= Beginning of Section =

(* For every distribution over $\mathscr X\times\mathscr Y$ and every $h\in\mathscr H_{\rm all}$, $$\mathscr R_{\mathsf L_{\rm ham}}(h)-\mathscr R^*_{\mathsf L_{\rm ham}}(\mathscr H_{\rm all})\le 2\big(\mathscr R_{\widetilde{\mathsf L}_{\log}}(h)-\mathscr R^*_{\widetilde{\mathsf L}_{\log}}(\mathscr H_{\rm all})\big)^{1/2}.$$ Moreover, $\widetilde{\mathsf L}_{\log}$ is Bayes-consistent with respect to $\mathsf L_{\rm ham}$.
   Context: Let $\mathscr X$ be an input space, $l\ge1$, $[l]=\{1,\dots,l\}$, $\mathscr Y=\{+1,-1\}^l$, and $\mathscr H_{\rm all}$ the family of all measurable $h\colon\mathscr X\times[l]\to\mathbb R$. Let $\operatorname{sign}(t)=1$ if $t\ge0$, $-1$ otherwise, and $\mathsf h(x)=(\operatorname{sign}h(x,1),\dots,\operatorname{sign}h(x,l))$. Normalized Hamming loss: $\overline{\mathsf L}_{\rm ham}(y',y)=\frac1l\sum_{i=1}^l1_{y_i\ne y'_i}$, $\mathsf L_{\rm ham}(h,x,y)=\overline{\mathsf L}_{\rm ham}(\mathsf h(x),y)$. Multi-label logistic loss: $\widetilde{\mathsf L}_{\log}(h,x,y)=\sum_{y'\in\mathscr Y}(1-\overline{\mathsf L}_{\rm ham}(y',y))\log\big(\sum_{y''\in\mathscr Y}e^{\sum_{i=1}^l(y''_i-y'_i)h(x,i)}\big)$. For a loss $\ell$ and distribution $\mathcal D$: $\mathscr R_\ell(h)=\mathbb E_{\mathcal D}[\ell(h,x,y)]$, $\mathscr R^*_\ell(\mathscr H)=\inf_{h\in\mathscr H}\mathscr R_\ell(h)$. A surrogate $\widetilde{\mathsf L}$ is Bayes-consistent w.r.t. $\mathsf L$ if for every distribution and every sequence $(h_n)\subset\mathscr H_{\rm all}$, $\mathscr R_{\widetilde{\mathsf L}}(h_n)-\mathscr R^*_{\widetilde{\mathsf L}}(\mathscr H_{\rm all})\to0$ implies $\mathscr R_{\mathsf L}(h_n)-\mathscr R^*_{\mathsf L}(\mathscr H_{\rm all})\to0$. *)

theory Defs
  imports "HOL-Probability.Probability"
begin

definition Ylab :: "nat \<Rightarrow> (nat \<Rightarrow> real) set" where
  "Ylab l = PiE {1..l} (\<lambda>_. {1, -1})"

definition sgn1 :: "real \<Rightarrow> real" where
  "sgn1 t = (if t \<ge> 0 then 1 else -1)"

text \<open>Hypothesis set: all measurable \<open>h : X \<times> [l] \<rightarrow> \<real>\<close>
  (measurability w.r.t. the product with the discrete index set means each section is measurable).\<close>
definition Hall :: "'x measure \<Rightarrow> nat \<Rightarrow> ('x \<Rightarrow> nat \<Rightarrow> real) set" where
  "Hall M l = {h. \<forall>i\<in>{1..l}. (\<lambda>x. h x i) \<in> borel_measurable M}"

definition pred_lab :: "nat \<Rightarrow> ('x \<Rightarrow> nat \<Rightarrow> real) \<Rightarrow> 'x \<Rightarrow> (nat \<Rightarrow> real)" where
  "pred_lab l h x = (\<lambda>i\<in>{1..l}. sgn1 (h x i))"

definition ham_bar :: "nat \<Rightarrow> (nat \<Rightarrow> real) \<Rightarrow> (nat \<Rightarrow> real) \<Rightarrow> real" where
  "ham_bar l y' y = (1 / real l) * real (card {i\<in>{1..l}. y i \<noteq> y' i})"

definition L_ham :: "nat \<Rightarrow> ('x \<Rightarrow> nat \<Rightarrow> real) \<Rightarrow> 'x \<Rightarrow> (nat \<Rightarrow> real) \<Rightarrow> real" where
  "L_ham l h x y = ham_bar l (pred_lab l h x) y"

= End of Section =

◆ EXERCISE BRIEF: Starting from the data above, filter for lines with "lambda" and copy each one.

◆ RESPONSE BELOW:
  "Ylab l = PiE {1..l} (\<lambda>_. {1, -1})"
  "Hall M l = {h. \<forall>i\<in>{1..l}. (\<lambda>x. h x i) \<in> borel_measurable M}"
  "pred_lab l h x = (\<lambda>i\<in>{1..l}. sgn1 (h x i))"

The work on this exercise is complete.